How Is Cystic Fibrosis Treated?
There still is no cure for cystic fibrosis (CF), but treatments have improved greatly in recent years. The goals of CF treatment are to:
Prevent and control infections in your lungs.
Loosen and remove the thick, sticky mucus from your lungs.
Prevent blockages in your intestines.
Provide adequate nutrition.
Treatment for Lung Problems
The main treatments for lung problems in people with CF are:
Antibiotics for infections of the airways
Chest physical therapy
Exercise
Other medications
Antibiotics
Most people with CF have ongoing, low-grade lung infections. Sometimes, these infections become so serious that you may need to be hospitalized. Antibiotics are the primary treatment.

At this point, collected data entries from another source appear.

(* Let $\mu$ be a probability measure on $\mathbb{R}^n$ with mean $0$, and let $\alpha:\mathbb{R}^n\to\mathbb{R}\cup\{+\infty\}$ be convex, lower semi-continuous and proper. Suppose that for every probability measure $\nu$ on $\mathbb{R}^n$, $\mathcal{W}_c(\nu,\mu)\le H(\nu|\mu)$ with cost $c(x,y)=\alpha(x-y)$. Then $\alpha(x)\le\Lambda_\mu^*(x)$ for all $x\in\mathbb{R}^n$.
   Context: $\mathcal{W}_c(\nu,\mu)=\inf_\pi\int c\,d\pi$ over couplings $\pi$ of $\nu$ and $\mu$; $H$ is relative entropy. $\Lambda_\mu(\xi)=\log\int e^{\langle\xi,x\rangle}d\mu(x)$ and $\Lambda^*_\mu(x)=\sup_{\xi\in\mathbb{R}^n}\{\langle\xi,x\rangle-\Lambda_\mu(\xi)\}$ its Legendre transform. *)

theory Defs
  imports "HOL-Probability.Probability"
begin

definition ereal_convex :: "('a::real_vector \<Rightarrow> ereal) \<Rightarrow> bool" where
  "ereal_convex f \<longleftrightarrow> (\<forall>x y. \<forall>t::real. 0 < t \<and> t < 1 \<longrightarrow>
     f ((1 - t) *\<^sub>R x + t *\<^sub>R y) \<le> ereal (1 - t) * f x + ereal t * f y)"

definition ereal_lsc :: "('a::topological_space \<Rightarrow> ereal) \<Rightarrow> bool" where
  "ereal_lsc f \<longleftrightarrow> (\<forall>x. f x \<le> Liminf (at x) f)"

definition ereal_proper :: "('a \<Rightarrow> ereal) \<Rightarrow> bool" where
  "ereal_proper f \<longleftrightarrow> (\<forall>x. f x \<noteq> -\<infinity>) \<and> (\<exists>x. f x \<noteq> \<infinity>)"

text \<open>Integral of an extended-real valued function: positive part minus negative part,
  with the convention \<infinity> - \<infinity> = \<infinity> (Isabelle's ereal arithmetic).\<close>
definition ereal_integral :: "'a measure \<Rightarrow> ('a \<Rightarrow> ereal) \<Rightarrow> ereal" where
  "ereal_integral M f =
     enn2ereal (\<integral>\<^sup>+ x. e2ennreal (max 0 (f x)) \<partial>M)
     - enn2ereal (\<integral>\<^sup>+ x. e2ennreal (max 0 (- f x)) \<partial>M)"

definition borel_prob :: "'a::topological_space measure \<Rightarrow> bool" where
  "borel_prob M \<longleftrightarrow> prob_space M \<and> sets M = sets borel"

definition couplings :: "'a::topological_space measure \<Rightarrow> 'b::topological_space measure
    \<Rightarrow> ('a \<times> 'b) measure set" where
  "couplings \<nu> \<mu> = {\<pi>. prob_space \<pi> \<and> sets \<pi> = sets (borel \<Otimes>\<^sub>M borel)
      \<and> distr \<pi> borel fst = \<nu> \<and> distr \<pi> borel snd = \<mu>}"

definition transport_cost :: "('a::topological_space \<Rightarrow> 'a \<Rightarrow> ereal) \<Rightarrow> 'a measure \<Rightarrow> 'a measure \<Rightarrow> ereal" where
  "transport_cost c \<nu> \<mu> = (INF \<pi>\<in>couplings \<nu> \<mu>. ereal_integral \<pi> (\<lambda>(x,y). c x y))"

text \<open>Relative entropy H(\<nu>|\<mu>) = \<integral> log(d\<nu>/d\<mu>) d\<nu> = \<integral> f log f d\<mu> if \<nu> \<ll> \<mu>, else +\<infinity>.\<close>
definition rel_entropy :: "'a measure \<Rightarrow> 'a measure \<Rightarrow> ereal" where
  "rel_entropy \<nu> \<mu> =
     (if absolutely_continuous \<mu> \<nu> \<and> sets \<nu> = sets \<mu> then
        ereal_integral \<mu> (\<lambda>x. let f = enn2real (RN_deriv \<mu> \<nu> x) in ereal (f * ln f))
      else \<infinity>)"

definition log_laplace :: "'a::euclidean_space measure \<Rightarrow> 'a \<Rightarrow> ereal" where
  "log_laplace \<mu> \<xi> =
     (let I = \<integral>\<^sup>+ x. ennreal (exp (\<xi> \<bullet> x)) \<partial>\<mu> in
      if I = \<infinity> then \<infinity> else ereal (ln (enn2real I)))"

definition cramer_transform :: "'a::euclidean_space measure \<Rightarrow> 'a \<Rightarrow> ereal" where
  "cramer_transform \<mu> x = (SUP \<xi>. ereal (\<xi> \<bullet> x) - log_laplace \<mu> \<xi>)"

end

(* Separating the closed convex epigraph of alpha from a point (x, t) below it yields an affine
   minorant y \<mapsto> \<eta> \<bullet> y + c of alpha with t < \<eta> \<bullet> x + c.  For such a minorant, test the
   transport inequality on the exponentially tilted measure d\<nu> = e^g d\<mu> / \<integral> e^g d\<mu> with
   g = min (\<eta> \<bullet> _) B: the potentials g and c - \<eta> \<bullet> _ give W_c(\<nu>, \<mu>) \<ge> \<integral> g d\<nu> + c since
   \<mu> is centred, while H(\<nu>|\<mu>) = \<integral> g d\<nu> - log \<integral> e^g d\<mu>.  Hence \<integral> e^g d\<mu> \<le> e^(-c), and
   letting B \<rightarrow> \<infinity> gives \<Lambda>_\<mu>(\<eta>) \<le> -c, i.e. t < \<eta> \<bullet> x + c \<le> \<Lambda>*_\<mu>(x). *)

theory Submission
  imports Defs
begin

definition ereal_epigraph :: "('a \<Rightarrow> ereal) \<Rightarrow> ('a \<times> real) set" where
  "ereal_epigraph f = {p. f (fst p) \<le> ereal (snd p)}"

lemma convex_ereal_epigraph:
  fixes f :: "'a::real_vector \<Rightarrow> ereal"
  assumes "ereal_convex f"
  shows "convex (ereal_epigraph f)"
  unfolding convex_def ereal_epigraph_def
proof (intro ballI allI impI, clarsimp)
  fix y1 s1 y2 s2 and u v :: real
  assume h: "f y1 \<le> ereal s1" "f y2 \<le> ereal s2" "0 \<le> u" "0 \<le> v" "u + v = 1"
  show "f (u *\<^sub>R y1 + v *\<^sub>R y2) \<le> ereal (u * s1 + v * s2)"
  proof (cases "v = 0 \<or> v = 1")
    case True
    then show ?thesis using h by auto
  next
    case False
    then have "0 < v" "v < 1" "u = 1 - v" using h by auto
    then have "f (u *\<^sub>R y1 + v *\<^sub>R y2) \<le> ereal u * f y1 + ereal v * f y2"
      using assms unfolding ereal_convex_def by blast
    also have "\<dots> \<le> ereal u * ereal s1 + ereal v * ereal s2"
      by (intro add_mono ereal_mult_left_mono) (use h in auto)
    finally show ?thesis by simp
  qed
qed

lemma ereal_lsc_eventually_greater:
  assumes "ereal_lsc f" and "r < f x"
  shows "eventually (\<lambda>y. r < f y) (nhds x)"
proof -
  have "eventually (\<lambda>y. r < f y) (at x)"
    using assms by (intro less_LiminfD) (auto simp: ereal_lsc_def intro: less_le_trans)
  then show ?thesis
    using assms(2) unfolding eventually_at_filter by (auto elim: eventually_mono)
qed

lemma closed_ereal_epigraph:
  assumes "ereal_lsc f"
  shows "closed (ereal_epigraph f)"
  unfolding closed_def
proof (rule open_prod_intro)
  fix p assume "p \<in> - ereal_epigraph f"
  then obtain y s where p: "p = (y, s)" and "ereal s < f y"
    by (cases p) (auto simp: ereal_epigraph_def)
  then obtain r where r: "s < r" "ereal r < f y"
    using ereal_dense2 by fastforce
  then obtain A where A: "open A" "y \<in> A" "\<forall>z\<in>A. ereal r < f z"
    using ereal_lsc_eventually_greater[OF assms] unfolding eventually_nhds by blast
  have "A \<times> {..<r} \<subseteq> - ereal_epigraph f"
  proof clarsimp
    fix z u assume "z \<in> A" "u < r" "(z, u) \<in> ereal_epigraph f"
    then have "f z \<le> ereal r" by (auto simp: ereal_epigraph_def intro: order_trans)
    with A(3) \<open>z \<in> A\<close> show False by (simp add: not_le[symmetric])
  qed
  then show "\<exists>A B. open A \<and> open B \<and> p \<in> A \<times> B \<and> A \<times> B \<subseteq> - ereal_epigraph f"
    using A p r by (intro exI[of _ A] exI[of _ "{..<r}"]) auto
qed
(* Let $m\neq\pm1$ be a square-free integer, $p$ a prime, $k$ a positive integer, $\alpha$ a root of $X^{p^k}-m$, $M=\mathbb{Q}(\alpha)$, $r$ the remainder of $m$ modulo $p^{k+1}$, $s:=v_p(m^p-m)-1$, and for $t\in\mathbb{N}$ let $h^{(r)}_t(X)=\frac{X^{p^k}-r^{p^t}}{X^{p^{k-t}}-r}=\sum_{i=0}^{p^t-1} r^{i}X^{p^k-(i+1)p^{k-t}}\in\mathbb{Z}[X]$. Suppose $k\leq s$. Then the following $p^k$ elements of $M$ are algebraic integers and are linearly independent over $\mathbb{Q}$: $$\alpha^j\cdot\frac{h^{(r)}_t(\alpha)}{p^t}\quad\text{for } 0\leq t\leq k-1,\ 0\leq j\leq p^{k-t}-p^{k-t-1}-1,$$ together with $$\frac{h^{(r)}_k(\alpha)}{p^k}.$$
   Context: $v_p$ denotes the $p$-adic valuation on $\mathbb{Q}$. *)

theory Defs
  imports Complex_Main "HOL-Computational_Algebra.Computational_Algebra"
begin

definition hpoly :: "int \<Rightarrow> nat \<Rightarrow> nat \<Rightarrow> nat \<Rightarrow> int poly" where
  "hpoly r p k t = (\<Sum>i<p ^ t. monom (r ^ i) (p ^ k - (i + 1) * p ^ (k - t)))"

definition basis_index :: "nat \<Rightarrow> nat \<Rightarrow> (nat \<times> nat) set" where
  "basis_index p k = {(t, j). t < k \<and> j < p ^ (k - t) - p ^ (k - t - 1)} \<union> {(k, 0)}"

definition basis_elem :: "int \<Rightarrow> nat \<Rightarrow> nat \<Rightarrow> complex \<Rightarrow> nat \<times> nat \<Rightarrow> complex" where
  "basis_elem r p k \<alpha> tj = (case tj of (t, j) \<Rightarrow>
     \<alpha> ^ j * poly (map_poly of_int (hpoly r p k t)) \<alpha> / of_nat (p ^ t))"

end

(*
  With x = alpha^(p^(k-t)) and n = p^t we have x^n = m, and h_t(alpha) / p^t equals
  (x^n - r^n) / (n (x - r)) = D / (x - r) with D = (m - r^n) / n. Iterating m^p = m (mod p^(k+1))
  gives r^n = m (mod p^(t+1)), so p divides D; this makes n divide binomial(n, j) D^(j-1), which is
  what the integrality of D / (x - r) needs.

  The element indexed by (t, j) is the value at alpha of a rational polynomial of
  degree p^k - p^(k-t) + j. These degrees are pairwise distinct and below p^k, whereas X^(p^k) - m
  is irreducible over Q (Eisenstein at a prime factor of the squarefree m, plus Gauss's lemma), so
  no nonzero rational polynomial of degree below p^k vanishes at alpha.
*)
theory Submission
  imports Defs "Jordan_Normal_Form.Char_Poly" "Berlekamp_Zassenhaus.Factor_Bound"
begin

section \<open>Algebraic integers\<close>

lemma algebraic_int_eigenvalueI:
  fixes \<psi> :: "'a :: field_char_0" and v :: "'i \<Rightarrow> 'a" and a :: "'i \<Rightarrow> 'i \<Rightarrow> int"
  assumes "finite I" and "i\<^sub>0 \<in> I" and "v i\<^sub>0 \<noteq> 0"
    and eigen: "\<And>i. i \<in> I \<Longrightarrow> \<psi> * v i = (\<Sum>j\<in>I. of_int (a i j) * v j)"
  shows "algebraic_int \<psi>"
proof -
  obtain g where g: "bij_betw g {0..<card I} I"
    using ex_bij_betw_nat_finite[OF \<open>finite I\<close>] by blast
  define n where "n = card I"
  define A :: "int mat" where "A = mat n n (\<lambda>(i, j). a (g i) (g j))"
  define V :: "'a vec" where "V = vec n (\<lambda>i. v (g i))"
  have A: "A \<in> carrier_mat n n"
    unfolding A_def by simp
  obtain i where i: "i < n" "g i = i\<^sub>0"
    using g \<open>i\<^sub>0 \<in> I\<close> unfolding bij_betw_def n_def by (metis atLeastLessThan_iff imageE)
  have "map_mat of_int A *\<^sub>v V = \<psi> \<cdot>\<^sub>v V"
  proof (rule eq_vecI)
    fix l assume "l < dim_vec (\<psi> \<cdot>\<^sub>v V)"
    then have l: "l < n" "g l \<in> I"
      using g unfolding V_def n_def bij_betw_def by auto
    have "(map_mat of_int A *\<^sub>v V) $ l = (\<Sum>j\<in>{0..<n}. of_int (a (g l) (g j)) * v (g j))"
      using l A unfolding V_def A_def by (simp add: mult_mat_vec_def scalar_prod_def)
    also have "\<dots> = (\<Sum>j\<in>I. of_int (a (g l) j) * v j)"
      using g unfolding n_def by (rule sum.reindex_bij_betw)
    also have "\<dots> = (\<psi> \<cdot>\<^sub>v V) $ l"
      using eigen[OF l(2)] l unfolding V_def by simp
    finally show "(map_mat of_int A *\<^sub>v V) $ l = (\<psi> \<cdot>\<^sub>v V) $ l" .
  qed (use A in \<open>simp add: V_def\<close>)
  moreover have "V \<noteq> 0\<^sub>v n"
    using i \<open>v i\<^sub>0 \<noteq> 0\<close> unfolding V_def by (metis index_vec index_zero_vec(1))
  ultimately have "eigenvalue (map_mat of_int A) \<psi>"
    using A unfolding eigenvalue_def eigenvector_def by (intro exI[of _ V]) (simp add: V_def)
  moreover have "char_poly (map_mat of_int A :: 'a mat) = map_poly of_int (char_poly A)"
    by (rule of_int_hom.char_poly_hom[OF A])
  ultimately have "poly (map_poly of_int (char_poly A)) \<psi> = 0"
    using A eigenvalue_root_char_poly[of "map_mat of_int A :: 'a mat" n] by simp
  moreover have "lead_coeff (char_poly A) = 1"
    using degree_monic_char_poly[OF A] by simp
  ultimately show ?thesis
    unfolding algebraic_int_altdef_ipoly by blast
qed

lemma algebraic_int_powers_as_lower_powers:
  fixes x :: "'a :: field_char_0" and f :: "int poly"
  assumes "lead_coeff f = 1" and "poly (map_poly of_int f) x = 0"
  obtains C where "\<And>n. x ^ n = (\<Sum>i<degree f. of_int (C n i) * x ^ i)"
proof -
  have "\<exists>c. x ^ n = (\<Sum>i<degree f. of_int (c i) * x ^ i)" for n
  proof -
    obtain q r where qr: "pseudo_divmod (Polynomial.monom 1 n) f = (q, r)" by force
    have "f \<noteq> 0" using assms(1) by auto
    from pseudo_divmod[OF this qr] assms(1)
    have div: "Polynomial.monom 1 n = f * q + r" and deg_r: "r = 0 \<or> degree r < degree f"
      by auto
    have "x ^ n = poly (map_poly of_int r) x"
      using arg_cong[OF div, of "\<lambda>P. poly (map_poly of_int P) x"] assms(2)
      by (simp add: hom_distribs poly_monom)
    also have "\<dots> = (\<Sum>i<degree f. of_int (Polynomial.coeff r i) * x ^ i)"
      using deg_r by (cases "r = 0") (auto simp: poly_as_sum_of_monoms' coeff_map_poly
          degree_map_poly poly_altdef intro!: sum.mono_neutral_cong_left coeff_eq_0)
    finally show ?thesis by blast
  qed
  then obtain C where "\<forall>n. x ^ n = (\<Sum>i<degree f. of_int (C n i) * x ^ i)"
    using choice[of "\<lambda>n c. x ^ n = (\<Sum>i<degree f. of_int (c i) * x ^ i)"] by blast
  with that show ?thesis by blast
qed

lemma algebraic_int_mult:
  fixes x y :: "'a :: field_char_0"
  assumes "algebraic_int x" and "algebraic_int y"
  shows "algebraic_int (x * y)"
proof -
  obtain f where f: "poly (map_poly of_int f) x = 0" "lead_coeff f = 1"
    using assms(1) unfolding algebraic_int_altdef_ipoly by blast
  obtain g where g: "poly (map_poly of_int g) y = 0" "lead_coeff g = 1"
    using assms(2) unfolding algebraic_int_altdef_ipoly by blast
  obtain C where C: "\<And>n. x ^ n = (\<Sum>i<degree f. of_int (C n i) * x ^ i)"
    using algebraic_int_powers_as_lower_powers[OF f(2,1)] by blast
  obtain D where D: "\<And>n. y ^ n = (\<Sum>j<degree g. of_int (D n j) * y ^ j)"
    using algebraic_int_powers_as_lower_powers[OF g(2,1)] by blast
  have deg_f: "degree f \<noteq> 0"
  proof
    assume "degree f = 0"
    with C[of 0] show False by simp
  qed
  have deg_g: "degree g \<noteq> 0"
  proof
    assume "degree g = 0"
    with D[of 0] show False by simp
  qed
  have eigen: "x * y * (x ^ i * y ^ j) = (\<Sum>(i', j')\<in>{..<degree f} \<times> {..<degree g}.
      of_int (C (Suc i) i' * D (Suc j) j') * (x ^ i' * y ^ j'))" for i j
  proof -
    have "x * y * (x ^ i * y ^ j) = x ^ Suc i * y ^ Suc j"
      by (simp add: algebra_simps)
    also have "\<dots> = (\<Sum>i'<degree f. \<Sum>j'<degree g.
        of_int (C (Suc i) i') * x ^ i' * (of_int (D (Suc j) j') * y ^ j'))"
      unfolding C[of "Suc i"] D[of "Suc j"] by (rule sum_product)
    also have "\<dots> = (\<Sum>(i', j')\<in>{..<degree f} \<times> {..<degree g}.
        of_int (C (Suc i) i' * D (Suc j) j') * (x ^ i' * y ^ j'))"
      unfolding sum.cartesian_product by (intro sum.cong) (auto simp: algebra_simps)
    finally show ?thesis .
  qed
  show ?thesis
    by (rule algebraic_int_eigenvalueI[where I = "{..<degree f} \<times> {..<degree g}" and i\<^sub>0 = "(0, 0)"
        and v = "\<lambda>(i, j). x ^ i * y ^ j" and a = "\<lambda>(i, j) (i', j'). C (Suc i) i' * D (Suc j) j'"])
      (use eigen deg_f deg_g in \<open>auto simp: case_prod_unfold\<close>)
qed
lemma expected_bregman_Suc_le:
  "(\<integral>s. D (Suc k) s \<partial>P)
     \<le> (\<integral>s. D k s \<partial>P) - \<mu> / 2 * \<tau> k * (\<integral>s. err k s \<partial>P) + \<delta> * \<sigma>\<^sup>2 / 2 * (\<tau> k)\<^sup>2"
proof -
  let ?e = "\<integral>s. err k s \<partial>P"
  have e_nonneg: "0 \<le> ?e" by simp
  have "(\<integral>s. D (Suc k) s \<partial>P)
      \<le> (\<integral>s. D k s + \<tau> k * (G k s \<bullet> (\<theta>star - \<theta> k s)) + \<delta> / 2 * (\<tau> k)\<^sup>2 * (norm (G k s))\<^sup>2 \<partial>P)"
    using int_bregman integrable_descent_term int_g bregman_Suc_le by (intro integral_mono) auto
  also have "\<dots> = (\<integral>s. D k s \<partial>P) + \<tau> k * (\<integral>s. G k s \<bullet> (\<theta>star - \<theta> k s) \<partial>P)
      + \<delta> / 2 * (\<tau> k)\<^sup>2 * (\<integral>s. (norm (G k s))\<^sup>2 \<partial>P)"
    using int_bregman integrable_descent_term int_g by simp
  also have "\<dots> \<le> (\<integral>s. D k s \<partial>P) + \<tau> k * (- \<mu> * ?e) + \<delta> / 2 * (\<tau> k)\<^sup>2 * (Lc\<^sup>2 * ?e + \<sigma>\<^sup>2)"
    using expected_descent_term_le expected_second_moment_le \<tau>_nonneg \<delta>_pos
    by (intro add_mono mult_left_mono) auto
  also have "\<dots> \<le> (\<integral>s. D k s \<partial>P) - \<mu> / 2 * \<tau> k * ?e + \<delta> * \<sigma>\<^sup>2 / 2 * (\<tau> k)\<^sup>2"
  proof -
    have "\<delta> * \<tau> k * Lc\<^sup>2 \<le> \<mu>"
      using \<tau>_small[of k] \<delta>_pos Lc_pos \<mu>_pos by (simp add: field_simps)
    then have "t * (- \<mu> * e) + \<delta> / 2 * t\<^sup>2 * (Lc\<^sup>2 * e + \<sigma>\<^sup>2) \<le> - \<mu> / 2 * t * e + \<delta> * \<sigma>\<^sup>2 / 2 * t\<^sup>2"
      if "t = \<tau> k" "0 \<le> e" for t e
    proof -
      have "(t * e) * (\<delta> * t * Lc\<^sup>2) \<le> (t * e) * \<mu>"
        using that \<open>\<delta> * \<tau> k * Lc\<^sup>2 \<le> \<mu>\<close> \<tau>_nonneg[of k] by (intro mult_left_mono) auto
      then show ?thesis by (simp add: power2_eq_square algebra_simps)
    qed
    from this[OF refl e_nonneg] show ?thesis by linarith
  qed
  finally show ?thesis .
qed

You may be given several different types of antibiotics. The choice of antibiotics depends on:
The strains of bacteria involved
How serious your condition is
Your previous history of antibiotic use
The different types of antibiotics include:
Oral antibiotics for relatively mild airway infections.
Inhaled antibiotics, such as tobramycin (to-bra-MI-sin). They may be used alone or with oral antibiotics.
Intravenous antibiotics for severe infections or when none of the oral antibiotics work.
Antibiotics, such as azithromycin (az-ith-roe-MYE-sin), that also reduce inflammation.
Chest physical therapy
Chest physical therapy (CPT) is also called chest clapping or percussion. It involves pounding your chest and back over and over again to dislodge the mucus from your lungs so that you can cough up the mucus. CPT for cystic fibrosis should be done three to four times each day.
CPT is also often referred to as postural drainage. This involves your sitting or lying on your stomach with your head down while you do CPT. This allows gravity to help drain the mucus from your lungs.
Because CPT is hard or uncomfortable for some people, several devices have been developed recently that may help with CPT. The devices include:
An electric chest clapper, known as a mechanical percussor.
An inflatable therapy vest that uses high-frequency air waves to force the mucus out of your lungs.
A "flutter" device, a small hand-held device that you breathe out through. It causes vibrations that dislodge the mucus.
A positive expiratory pressure (PEP) mask that creates vibrations that help break the mucus loose from the airway walls.
Several breathing techniques may also help dislodge the mucus. These techniques include:
Forced expiration technique (FET)—forcing out a couple of breaths or huffs and then doing relaxed breathing
Active cycle breathing (ACB)—FET with deep breathing exercises that can loosen the mucus in your lungs and help open your airways
Exercise
Aerobic exercise helps:
Loosen the mucus
Encourage coughing to clear the mucus
Improve your overall physical condition
If you exercise regularly, you may be able to cut back on your chest therapy. Check with your doctor before doing this.
Other medications
Anti-inflammatory medications may help reduce the inflammation in your lungs that is caused by ongoing infections. These medications include:
Inhaled or, sometimes, oral steroids. Steroids are the most effective anti-inflammatory medicines.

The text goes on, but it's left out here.